[SERVER-9119] An issue with oplog and a slave in MongoDB 2.4.1 Created: 25/Mar/13  Updated: 10/Dec/14  Resolved: 27/Mar/13

Status: Closed
Project: Core Server
Component/s: Logging, Replication
Affects Version/s: 2.4.1
Fix Version/s: None

Type: Question Priority: Major - P3
Reporter: Daniel Karp Assignee: Richard Kreuter (Inactive)
Resolution: Duplicate Votes: 0
Labels: None
Remaining Estimate: Not Specified
Time Spent: Not Specified
Original Estimate: Not Specified
Environment:

A virtual machine running CentOS 6.3


Issue Links:
Duplicate
duplicates SERVER-9085 db.replSetInfo() issue with convertin... Closed
Participants:

 Description   

I'm creating this question at Ian Whalen's suggestion. It may be that some of this will become irrelevant if we decide to convert to replica sets, and I'm submitting it in part in case it might be of use to the MongoDB developers.

Below is the text of the relevant part of my email to Ian:

We are getting errors that indicate that our oplog has gone out of sync or something, the dates seem corrupted, and perhaps there is some issue with the slave. We haven't converted over to Replica set--we are using legacy master-slave replication.

Our question is: what can we do to fix this situation (see some detailed info below)? Can we do a repair? do we have to restart oplog from scratch? Do we need to just bite the bullet and learn how to upgrade to Replica sets? Notice the "upgradeNeeded": true from the db.slaves.find() command. I don't understand that--they are both now on 2.4.1.
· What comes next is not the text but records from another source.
(* Let $\Gamma\subset\mathbb{F}_q[x]^2$ be an $\mathbb{F}_q[x]$-lattice of rank $2$ with $\mathrm{vol}(\Gamma)=q^m$, and let $r,s\ge0$ be integers. Then the number of vectors $v=(g,h)\in\Gamma$ that are primitive in $\Gamma$ and satisfy $\deg g\le r$, $\deg h\le s$ is at most $\max(q,q^{r+s-m+2})$.
   Context: An $\mathbb{F}_q[x]$-lattice of rank $n$ is an $\mathbb{F}_q[x]$-submodule $\Gamma\subset\mathbb{F}_q[x]^n$ of finite index; $\mathrm{vol}(\Gamma)=[\mathbb{F}_q[x]^n:\Gamma]$. Degrees of polynomials use $\deg0=-\infty$. $v\in\Gamma$ is primitive in $\Gamma$ if $v$ cannot be written as $v=aw$ with $w\in\Gamma$ and $a\in\mathbb{F}_q[x]$, $\deg a\ge1$. *)

theory Defs
  imports "HOL-Computational_Algebra.Polynomial" "HOL-Library.Product_Plus" "HOL-Library.Cardinality"
begin

definition vsmult :: "'a::comm_ring_1 poly \<Rightarrow> 'a poly \<times> 'a poly \<Rightarrow> 'a poly \<times> 'a poly" where
  "vsmult a v = (a * fst v, a * snd v)"

definition vol2 :: "('a::comm_ring_1 poly \<times> 'a poly) set \<Rightarrow> nat" where
  "vol2 \<Gamma> = card ((\<lambda>v. {v + w | w. w \<in> \<Gamma>}) ` UNIV)"

text \<open>An F_q[x]-lattice of rank 2: a submodule of F_q[x]^2 of finite index.\<close>
definition lattice2 :: "('a::comm_ring_1 poly \<times> 'a poly) set \<Rightarrow> bool" where
  "lattice2 \<Gamma> \<longleftrightarrow> 0 \<in> \<Gamma> \<and> (\<forall>v\<in>\<Gamma>. \<forall>w\<in>\<Gamma>. v + w \<in> \<Gamma>)
     \<and> (\<forall>a. \<forall>v\<in>\<Gamma>. vsmult a v \<in> \<Gamma>)
     \<and> finite ((\<lambda>v. {v + w | w. w \<in> \<Gamma>}) ` UNIV)"

definition primitive_in :: "('a::comm_ring_1 poly \<times> 'a poly) set \<Rightarrow> 'a poly \<times> 'a poly \<Rightarrow> bool" where
  "primitive_in \<Gamma> v \<longleftrightarrow> v \<in> \<Gamma> \<and>
     \<not> (\<exists>a w. w \<in> \<Gamma> \<and> a \<noteq> 0 \<and> degree a \<ge> 1 \<and> v = vsmult a w)"

end

theory Submission
  imports Defs
begin

(*
  Pick a primitive vector u = t u0 of Gamma in the box, where u0 has coprime coordinates,
  so that det2 u0 y = 1 for some y and (y, u0) is a basis of F_q[x]^2. Primitivity of u
  forces Gamma to meet the line F_q[x] u0 exactly in F_q[x] u. If all lattice vectors of the
  box lie on this line, the primitive ones are constant multiples of u: at most q of them.
  Otherwise let delta generate the ideal det2 u0 Gamma. The cosets of Gamma are represented
  by the vectors c y + b u0 with deg c < deg delta and deg b < deg t, so m <= deg t + deg delta.
  On the other hand det2 u0 maps the lattice vectors of the box into delta F_q[x] with bounded
  degree, and its fibres are translates of the multiples of u lying in the box; this bounds
  their number by q^(r + s + 2 - deg t - deg delta) <= q^(r + s + 2 - m).
*)

definition polys_deg_lt :: "nat \<Rightarrow> 'a::zero poly set" where
  "polys_deg_lt n = {p. p = 0 \<or> degree p < n}"

definition poly_box :: "nat \<Rightarrow> nat \<Rightarrow> ('a::zero poly \<times> 'a poly) set" where
  "poly_box r s = {v. degree (fst v) \<le> r \<and> degree (snd v) \<le> s}"

definition det2 :: "'a::comm_ring_1 poly \<times> 'a poly \<Rightarrow> 'a poly \<times> 'a poly \<Rightarrow> 'a poly" where
  "det2 u v = fst u * snd v - snd u * fst v"

lemma polys_deg_lt_Suc:
  "polys_deg_lt (Suc n) = (\<lambda>(c, p). pCons c p) ` (UNIV \<times> polys_deg_lt n)"
proof (intro equalityI subsetI)
  fix x :: "'a poly"
  assume x: "x \<in> polys_deg_lt (Suc n)"
  obtain c p where xcp: "x = pCons c p" by (cases x)
  have "p \<in> polys_deg_lt n"
    using x by (cases "p = 0") (auto simp: polys_deg_lt_def xcp)
  then show "x \<in> (\<lambda>(c, p). pCons c p) ` (UNIV \<times> polys_deg_lt n)"
    using xcp by force
qed (auto simp: polys_deg_lt_def split: if_splits)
Anyway, thank you so much for your time!

configured oplog size: 44792.567773437506MB
log length start to end: 5613.861999999965secs (1.56hrs)
oplog first event time: Fri Jan 16 1970 11:15:32 GMT-0600 (CST)
oplog last event time: Fri Jan 16 1970 12:49:06 GMT-0600 (CST)
now: Sun Mar 24 2013 18:04:52 GMT-0500 (CDT)

db.slaves.find()

{ "_id" : ObjectId("50f463aebc26d2d32eb20df1"), "host" : "72.233.16.182", "ns" : "local.oplog.$main", "syncedTo" :

{ "t" : 1363746775, "i" : 1 }

}

{ "_id" : ObjectId("514ea0359cf7fda50eceafa5"), "config" :

{ "host" : "72.233.16.182:37402", "upgradeNeeded" : true }

, "ns" : "local.oplog.$main", "syncedTo" :

{ "t" : 1363746785, "i" : 1 }

}

db.printSlaveReplicationInfo()

source: submongo.geekdo.com

syncedTo: Fri Jan 16 1970 12:49:06 GMT-0600 (CST)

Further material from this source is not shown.